Source data
(* Let $E$ be a finite directed graph with $|E^1|=n\ge1$. Then $\mathrm{h}_{\mathrm{alg}}(L_K(E))\le\log(2n)$.
   Context: For a finite directed graph $E=(E^0,E^1,s,r)$, the Leavitt path algebra $L_K(E)$ over a field $K$ is generated by $E^0\cup E^1\cup\{e^*:e\in E^1\}$ subject to: $vw=\delta_{v,w}v$ for vertices; $s(e)e=e=er(e)$, $r(e)e^*=e^*=e^*s(e)$; $e^*f=\delta_{e,f}r(e)$; $\sum_{s(e)=v}ee^*=v$ for each vertex $v$ with $0<|s^{-1}(v)|<\infty$. Its standard filtration $W_m$ is the span of $\lambda\mu^*$ with $\lambda,\mu$ paths and $l(\lambda)+l(\mu)\le m$. $\mathrm{h}_{\mathrm{alg}}(L_K(E))=0$ if $L_K(E)$ is finite-dimensional and otherwise $\limsup_m\frac1m\log\dim(W_m/W_{m-1})$. *)

theory Defs
  imports Complex_Main "HOL-Library.Liminf_Limsup" "HOL-Library.Extended_Real"
    "Graph_Theory.Digraph" "Graph_Theory.Arc_Walk"
begin

text \<open>Generators of the free algebra: vertices v, edges e, ghost edges e*.\<close>
datatype ('v,'e) lgen = V 'v | Ed 'e | Gh 'e

definition lgens :: "('v,'e) pre_digraph \<Rightarrow> ('v,'e) lgen set" where
  "lgens G = V ` verts G \<union> Ed ` arcs G \<union> Gh ` arcs G"

text \<open>Elements of the free algebra K<X>: coefficient functions on words (only finitely
  supported ones arise below). Monomials and the (convolution) product.\<close>
definition mon :: "'g list \<Rightarrow> 'g list \<Rightarrow> 'k::field" where
  "mon w = (\<lambda>u. if u = w then 1 else 0)"

definition fmul :: "('g list \<Rightarrow> 'k::field) \<Rightarrow> ('g list \<Rightarrow> 'k) \<Rightarrow> 'g list \<Rightarrow> 'k" where
  "fmul f g = (\<lambda>w. \<Sum>i\<le>length w. f (take i w) * g (drop i w))"

definition fsub :: "('g list \<Rightarrow> 'k::field) \<Rightarrow> ('g list \<Rightarrow> 'k) \<Rightarrow> 'g list \<Rightarrow> 'k" where
  "fsub f g = (\<lambda>w. f w - g w)"

text \<open>The defining relations of L_K(E) (each written as r, meaning r = 0).
  Edges go from s(e) = tail G e to r(e) = head G e.\<close>
definition lrels :: "('v,'e) pre_digraph \<Rightarrow> (('v,'e) lgen list \<Rightarrow> 'k::field) set" where
  "lrels G =
     {fsub (mon [V v, V w]) (if v = w then mon [V v] else (\<lambda>_. 0)) | v w. v \<in> verts G \<and> w \<in> verts G}
   \<union> {fsub (mon [V (tail G e), Ed e]) (mon [Ed e]) | e. e \<in> arcs G}
   \<union> {fsub (mon [Ed e, V (head G e)]) (mon [Ed e]) | e. e \<in> arcs G}
   \<union> {fsub (mon [V (head G e), Gh e]) (mon [Gh e]) | e. e \<in> arcs G}
   \<union> {fsub (mon [Gh e, V (tail G e)]) (mon [Gh e]) | e. e \<in> arcs G}
   \<union> {fsub (mon [Gh e, Ed f]) (if e = f then mon [V (head G e)] else (\<lambda>_. 0)) | e f. e \<in> arcs G \<and> f \<in> arcs G}
   \<union> {fsub (\<lambda>w. \<Sum>e\<in>out_arcs G v. mon [Ed e, Gh e] w) (mon [V v]) | v.
        v \<in> verts G \<and> out_arcs G v \<noteq> {} \<and> finite (out_arcs G v)}"

inductive_set lideal :: "('v,'e) pre_digraph \<Rightarrow> (('v,'e) lgen list \<Rightarrow> 'k::field) set"
  for G :: "('v,'e) pre_digraph" where
  zero: "(\<lambda>_. 0) \<in> lideal G"
| add: "a \<in> lideal G \<Longrightarrow> b \<in> lideal G \<Longrightarrow> (\<lambda>w. a w + b w) \<in> lideal G"
| smult: "a \<in> lideal G \<Longrightarrow> (\<lambda>w. c * a w) \<in> lideal G"
| gen: "r \<in> lrels G \<Longrightarrow> u \<in> lists (lgens G) \<Longrightarrow> v \<in> lists (lgens G) \<Longrightarrow>
        fmul (fmul (mon u) r) (mon v) \<in> lideal G"

text \<open>A path is a pair (u, p): start vertex u and arc list p forming a walk in G
  (length 0 paths are the vertices).\<close>
definition is_path :: "('v,'e) pre_digraph \<Rightarrow> 'v \<times> 'e list \<Rightarrow> bool" where
  "is_path G p = (\<exists>w. pre_digraph.awalk G (fst p) (snd p) w)"

definition pword :: "'v \<times> 'e list \<Rightarrow> ('v,'e) lgen list" where
  "pword p = (if snd p = [] then [V (fst p)] else map Ed (snd p))"

definition gword :: "'v \<times> 'e list \<Rightarrow> ('v,'e) lgen list" where
  "gword q = (if snd q = [] then [V (fst q)] else map Gh (rev (snd q)))"

definition lmstar :: "('v \<times> 'e list) \<times> ('v \<times> 'e list) \<Rightarrow> ('v,'e) lgen list \<Rightarrow> 'k::field" where
  "lmstar x = mon (pword (fst x) @ gword (snd x))"

text \<open>Index set for the spanning set of W_m.\<close>
definition PP :: "('v,'e) pre_digraph \<Rightarrow> nat \<Rightarrow> (('v \<times> 'e list) \<times> ('v \<times> 'e list)) set" where
  "PP G m = {(p, q). is_path G p \<and> is_path G q \<and> length (snd p) + length (snd q) \<le> m}"

text \<open>The images in L_K(E) of the lambda mu*, x in S, are linearly independent modulo
  the span of the images of the lambda mu*, y in T.\<close>
definition indep_mod :: "('v,'e) pre_digraph \<Rightarrow> 'k::field itself \<Rightarrow>
    (('v \<times> 'e list) \<times> ('v \<times> 'e list)) set \<Rightarrow> (('v \<times> 'e list) \<times> ('v \<times> 'e list)) set \<Rightarrow> bool" where
  "indep_mod G K S T = (finite S \<and> (\<forall>(c :: _ \<Rightarrow> 'k) (d :: _ \<Rightarrow> 'k) T'. finite T' \<and> T' \<subseteq> T \<longrightarrow>
      (\<lambda>w. (\<Sum>x\<in>S. c x * lmstar x w) + (\<Sum>y\<in>T'. d y * lmstar y w)) \<in> lideal G \<longrightarrow>
      (\<forall>x\<in>S. c x = 0)))"

text \<open>dim_K (W_m / W_{m-1}), with W_{-1} = 0.\<close>
definition grdim :: "('v,'e) pre_digraph \<Rightarrow> 'k::field itself \<Rightarrow> nat \<Rightarrow> nat" where
  "grdim G K m = Max {card S | S. S \<subseteq> PP G m \<and>
      indep_mod G K S (if m = 0 then {} else PP G (m - 1))}"

definition lpa_fin_dim :: "('v,'e) pre_digraph \<Rightarrow> 'k::field itself \<Rightarrow> bool" where
  "lpa_fin_dim G K = (\<exists>B :: (('v,'e) lgen list \<Rightarrow> 'k) set. finite B \<and>
      (\<forall>w \<in> lists (lgens G). w \<noteq> [] \<longrightarrow>
         (\<exists>a c. a \<in> lideal G \<and> mon w = (\<lambda>u. a u + (\<Sum>b\<in>B. c b * b u)))))"

text \<open>Algebraic entropy; log 0 is read as -infinity.\<close>
definition h_alg :: "('v,'e) pre_digraph \<Rightarrow> 'k::field itself \<Rightarrow> ereal" where
  "h_alg G K = (if lpa_fin_dim G K then 0 else
     limsup (\<lambda>m. if grdim G K m = 0 then -\<infinity> else ereal (ln (real (grdim G K m)) / real m)))"

end

theory Submission
  imports Defs "HOL-Real_Asymp.Real_Asymp"
begin

text \<open>The quotient W_m / W_(m-1) is spanned by the images of the elements \<open>\<lambda>\<mu>*\<close> with
  \<open>l(\<lambda>) + l(\<mu>) \<le> m\<close>. Such a pair of paths is determined by its two start vertices, the
  length of \<open>\<lambda>\<close> and the concatenated edge word of length at most m, so there are at most
  \<open>|E\<^sup>0|\<^sup>2 (m + 1)\<^sup>2 n\<^sup>m\<close> of them. The polynomial factor is eventually dominated by
  \<open>2\<^sup>m\<close>, hence \<open>dim (W_m / W_(m-1)) \<le> (2n)\<^sup>m\<close> for all large m.\<close>

lemma card_lists_length_le_le:
  assumes "finite A" and "A \<noteq> {}"
  shows "card {xs. set xs \<subseteq> A \<and> length xs \<le> m} \<le> (m + 1) * card A ^ m"
proof -
  have "card {xs. set xs \<subseteq> A \<and> length xs \<le> m} = (\<Sum>i\<le>m. card A ^ i)"
    using assms(1) by (rule card_lists_length_le)
  also have "\<dots> \<le> (\<Sum>i\<le>m. card A ^ m)"
    using assms by (intro sum_mono power_increasing) (auto simp: Suc_le_eq card_gt_0_iff)
  finally show ?thesis by simp
qed

lemma card_list_pairs_length_le:
  assumes "finite A" and "A \<noteq> {}"
  shows "card {(p, q). set p \<subseteq> A \<and> set q \<subseteq> A \<and> length p + length q \<le> m}
           \<le> (m + 1)\<^sup>2 * card A ^ m"
proof -
  let ?P = "{(p, q). set p \<subseteq> A \<and> set q \<subseteq> A \<and> length p + length q \<le> m}"
  let ?L = "{xs. set xs \<subseteq> A \<and> length xs \<le> m}"
  let ?split = "\<lambda>(p :: 'a list, q). (length p, p @ q)"
  have "inj_on ?split ?P"
    by (auto simp: inj_on_def)
  moreover have "?split ` ?P \<subseteq> {..m} \<times> ?L"
    by auto
  moreover have "finite ?L"
    using assms(1) by (rule finite_lists_length_le)
  ultimately have "card ?P \<le> card ({..m} \<times> ?L)"
    by (intro card_inj_on_le) auto
  also have "\<dots> = (m + 1) * card ?L"
    by (simp add: card_cartesian_product)
  also have "\<dots> \<le> (m + 1) * ((m + 1) * card A ^ m)"
    using card_lists_length_le_le[OF assms] by (rule mult_le_mono2)
  finally show ?thesis
    by (simp only: power2_eq_square mult.assoc)
qed

context fin_digraph
begin

lemma PP_subset: "PP G m \<subseteq> {((u, p), (v, q)). u \<in> verts G \<and> v \<in> verts G \<and>
    set p \<subseteq> arcs G \<and> set q \<subseteq> arcs G \<and> length p + length q \<le> m}"
  by (auto simp: PP_def is_path_def awalk_def)

lemma finite_PP: "finite (PP G m)"
proof (rule finite_subset)
  let ?L = "{xs. set xs \<subseteq> arcs G \<and> length xs \<le> m}"
  show "PP G m \<subseteq> (verts G \<times> ?L) \<times> (verts G \<times> ?L)"
    using PP_subset[of m] by fastforce
  show "finite ((verts G \<times> ?L) \<times> (verts G \<times> ?L))"
    using finite_lists_length_le[of "arcs G" m] by auto
qed

lemma card_PP_le:
  assumes "arcs G \<noteq> {}"
  shows "card (PP G m) \<le> card (verts G) ^ 2 * (m + 1)\<^sup>2 * card (arcs G) ^ m"
proof -
  let ?P = "{(p, q). set p \<subseteq> arcs G \<and> set q \<subseteq> arcs G \<and> length p + length q \<le> m}"
  let ?L = "{xs. set xs \<subseteq> arcs G \<and> length xs \<le> m}"
  let ?regroup = "\<lambda>((u :: 'a, p :: 'b list), (v, q)). ((u, v), (p, q))"
  have "inj_on ?regroup (PP G m)"
    by (auto simp: inj_on_def)
  moreover have "?regroup ` PP G m \<subseteq> (verts G \<times> verts G) \<times> ?P"
    using PP_subset[of m] by fastforce
  moreover have "finite ?P"
    by (rule finite_subset[of _ "?L \<times> ?L"]) (use finite_lists_length_le[of "arcs G" m] in auto)
  ultimately have "card (PP G m) \<le> card ((verts G \<times> verts G) \<times> ?P)"
    by (intro card_inj_on_le) auto
  also have "\<dots> \<le> card (verts G) ^ 2 * ((m + 1)\<^sup>2 * card (arcs G) ^ m)"
    using card_list_pairs_length_le[OF finite_arcs assms, of m]
    by (simp add: card_cartesian_product power2_eq_square)
  finally show ?thesis
    by (simp add: mult.assoc)
qed

end

lemma grdim_le_card_PP:
  assumes "finite (PP G m)"
  shows "grdim G K m \<le> card (PP G m)"
  unfolding grdim_def
proof (rule Max.boundedI)
  let ?C = "{card S | S. S \<subseteq> PP G m \<and> indep_mod G K S (if m = 0 then {} else PP G (m - 1))}"
  show "finite ?C"
    by (rule finite_subset[of _ "{..card (PP G m)}"]) (use card_mono[OF assms] in auto)
  have "indep_mod G K {} T" for T
    by (simp add: indep_mod_def)
  then show "?C \<noteq> {}"
    by blast
  fix c
  assume "c \<in> ?C"
  then show "c \<le> card (PP G m)"
    using card_mono[OF assms] by auto
qed

lemma eventually_poly_le_pow2:
  fixes c :: real
  shows "eventually (\<lambda>m. c * (real m + 1)\<^sup>2 \<le> 2 ^ m) sequentially"
proof -
  have "(\<lambda>m. c * (real m + 1)\<^sup>2 / 2 ^ m) \<longlonglongrightarrow> 0"
    by real_asymp
  then have "eventually (\<lambda>m. c * (real m + 1)\<^sup>2 / 2 ^ m < 1) sequentially"
    by (rule order_tendstoD) simp
  then show ?thesis
    by eventually_elim (simp add: divide_less_eq)
qed

lemma (in fin_digraph) eventually_grdim_le:
  assumes "arcs G \<noteq> {}"
  shows "eventually (\<lambda>m. real (grdim G K m) \<le> (2 * real (card (arcs G))) ^ m) sequentially"
  using eventually_poly_le_pow2[of "real (card (verts G)) ^ 2"]
proof eventually_elim
  case (elim m)
  let ?n = "real (card (arcs G))"
  have "grdim G K m \<le> card (verts G) ^ 2 * (m + 1)\<^sup>2 * card (arcs G) ^ m"
    using grdim_le_card_PP[OF finite_PP] card_PP_le[OF assms] by (rule order_trans)
  then have "real (grdim G K m) \<le> real (card (verts G) ^ 2 * (m + 1)\<^sup>2 * card (arcs G) ^ m)"
    by (rule of_nat_mono)
  also have "\<dots> = real (card (verts G)) ^ 2 * (real m + 1)\<^sup>2 * ?n ^ m"
    by simp
  also have "\<dots> \<le> 2 ^ m * ?n ^ m"
    using elim by (intro mult_right_mono) auto
  finally show ?case
    by (simp add: power_mult_distrib)
qed

lemma h_alg_le_ln:
  fixes b :: real
  assumes "1 \<le> b" and "eventually (\<lambda>m. real (grdim G K m) \<le> b ^ m) sequentially"
  shows "h_alg G K \<le> ereal (ln b)"
proof -
  let ?g = "\<lambda>m. real (grdim G K m)"
  have "eventually (\<lambda>m. (if grdim G K m = 0 then -\<infinity> else ereal (ln (?g m) / real m))
      \<le> ereal (ln b)) sequentially"
    using assms(2) eventually_gt_at_top[of 0]
  proof eventually_elim
    case (elim m)
    have "grdim G K m > 0 \<Longrightarrow> ln (?g m) \<le> real m * ln b"
      using elim(1) assms(1) by (subst ln_realpow[symmetric]) auto
    then show ?case
      using elim(2) by (auto simp: divide_le_eq mult.commute)
  qed
  then have "limsup (\<lambda>m. if grdim G K m = 0 then -\<infinity> else ereal (ln (?g m) / real m))
      \<le> ereal (ln b)"
    by (rule Limsup_bounded)
  then show ?thesis
    using assms(1) by (simp add: h_alg_def)
qed

theorem corollary4p6:
  fixes G :: "('v,'e) pre_digraph"
  assumes "fin_digraph G"
    and "card (arcs G) = n" and "n \<ge> 1"
  shows "h_alg G TYPE('k::field) \<le> ereal (ln (2 * real n))"
proof -
  interpret fin_digraph G
    by fact
  have "arcs G \<noteq> {}"
    using assms(2,3) by auto
  then have "eventually (\<lambda>m. real (grdim G TYPE('k) m) \<le> (2 * real n) ^ m) sequentially"
    using eventually_grdim_le assms(2) by blast
  then show ?thesis
    using assms(3) by (intro h_alg_le_ln) auto
qed

end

• _Exercise instructions_:
Reproduce verbatim the lines above, from the line with "using elim by" through the line with "0 \<Longrightarrow> ln".

• _Result below_:
    using elim by (intro mult_right_mono) auto
  finally show ?case
    by (simp add: power_mult_distrib)
qed

lemma h_alg_le_ln:
  fixes b :: real
  assumes "1 \<le> b" and "eventually (\<lambda>m. real (grdim G K m) \<le> b ^ m) sequentially"
  shows "h_alg G K \<le> ereal (ln b)"
proof -
  let ?g = "\<lambda>m. real (grdim G K m)"
  have "eventually (\<lambda>m. (if grdim G K m = 0 then -\<infinity> else ereal (ln (?g m) / real m))
      \<le> ereal (ln b)) sequentially"
    using assms(2) eventually_gt_at_top[of 0]
  proof eventually_elim
    case (elim m)
    have "grdim G K m > 0 \<Longrightarrow> ln (?g m) \<le> real m * ln b"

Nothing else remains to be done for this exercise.